Binance's EU licence bid is set to be rejected within weeks, two sources said. The decision could trigger a crypto selloff and risk-off flows into the dollar and yen.
Binance, the world's largest crypto exchange, will lose permission to offer services to European Union clients within weeks. Its application for a licence is about to be turned down, two people familiar with the matter told Reuters.
The rejection would strip Binance of the ability to offer regulated services across the bloc under the Markets in Crypto-Assets framework. The exchange may still serve EU clients through unregulated entities. Those operations would face reduced functionality and stricter conditions.
For crypto markets, the immediate risk is a selloff in bitcoin and other major tokens. Binance is the world's most liquid exchange. A forced pullback from the EU could reduce volume and deepen spreads. Traders said the uncertainty around timing has kept positioning defensive.

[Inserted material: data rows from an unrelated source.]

(*
  Every
  hypothesis is linear in H and compatible with the dilations x |-> t x, and a polynomial
  identity on the half space x_n >= 0 holds everywhere; hence each homogeneous component
  G of H, of some degree k >= 1, satisfies all hypotheses on the whole space
  (locale flat_homog_tensor), and it suffices to show G = 0.

  For such G the argument has two stages, with A the Schouten tensor of G.
  (1) Boundary. The divergence of the Weyl tensor is (n-3)/(n-2) times the Cotton tensor,
      so d_b A_ac = d_a A_bc. Contracting the tangential Weyl equations with x_j x_l and
      using x_j G_ij = 0 on x_n = 0 gives G_ij in terms of A there, and the trace-free
      condition gives a trace identity. For k >= 2 it follows that f = x_j x_l A_jl,
      restricted to x_n = 0, satisfies |x'|^2 Lap' f = -k (k-1) (n-3) f, and a descent on
      the degree (tangential_descent) gives f = 0; successively A_ij = 0 and G_ij = 0 on
      the boundary.
  (2) Interior. The Weyl equation Z_injn = 0 expresses (n-3) d_n^2 G_ij by tangential
      derivatives; with the zero Cauchy data from (1) and the hypothesis d_n G_ij = 0 on
      the boundary, a descent on the degree (normal_system_zero) gives G_ij = 0.
*)

inductive_set poly_in :: "nat set \<Rightarrow> ((nat \<Rightarrow> real) \<Rightarrow> real) set" for I where
  pconst: "(\<lambda>x. c) \<in> poly_in I"
| pcoord: "k \<in> I \<Longrightarrow> (\<lambda>x. x k) \<in> poly_in I"
| padd: "f \<in> poly_in I \<Longrightarrow> g \<in> poly_in I \<Longrightarrow> (\<lambda>x. f x + g x) \<in> poly_in I"
| pmult: "f \<in> poly_in I \<Longrightarrow> g \<in> poly_in I \<Longrightarrow> (\<lambda>x. f x * g x) \<in> poly_in I"

definition line :: "(nat \<Rightarrow> real) \<Rightarrow> (nat \<Rightarrow> real) \<Rightarrow> real \<Rightarrow> nat \<Rightarrow> real" where
  "line y v t = (\<lambda>i. y i + t * v i)"

(* The Kronecker delta; kron c is also the c-th coordinate vector. *)
definition kron :: "nat \<Rightarrow> nat \<Rightarrow> real" where "kron a b = (if a = b then 1 else 0)"

lemma kron_sym: "kron a b = kron b a" unfolding kron_def by auto
lemma kron_same[simp]: "kron a a = 1" unfolding kron_def by auto

lemma sum_kron: "finite A \<Longrightarrow> (\<Sum>d\<in>A. f d * kron a d) = (if a \<in> A then f a else 0)"
proof -
  assume "finite A"
  have "(\<Sum>d\<in>A. f d * kron a d) = (\<Sum>d\<in>A. if a = d then f d else 0)" by (rule sum.cong) (auto simp: kron_def)
  then show ?thesis using \<open>finite A\<close> by (simp add: sum.delta)
qed

lemma sum_kron': "finite A \<Longrightarrow> (\<Sum>d\<in>A. f d * kron d a) = (if a \<in> A then f a else 0)"
  using sum_kron[of A f a] by (simp add: kron_sym)

lemma sum_kron_left: "finite A \<Longrightarrow> (\<Sum>i\<in>A. kron c i * v i) = (if c \<in> A then v c else 0)"
  using sum_kron[of A v c] by (simp add: mult.commute)

lemma upd_eq_line: "x(c := x c + s) = line x (kron c) s"
  by (auto simp: line_def kron_def fun_eq_iff)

The FX angle is subtler. A sharp drop in crypto prices often triggers risk-off sentiment that lifts the dollar and yen against higher-beta currencies, especially in emerging Europe. The euro itself faces no direct exposure. A crypto rout could spill into sovereign credit and equity flows if forced selling hits euro-denominated assets. The size of the spill depends on whether the Binance news is seen as a one-off or a broader crackdown, traders said.
The EU's MiCA regime was designed to create a single market for crypto services. Denying Binance a licence signals that even large incumbents must meet local standards on anti-money laundering and consumer protection. Other exchanges with pending MiCA applications will now face closer scrutiny.
The decision is expected within weeks.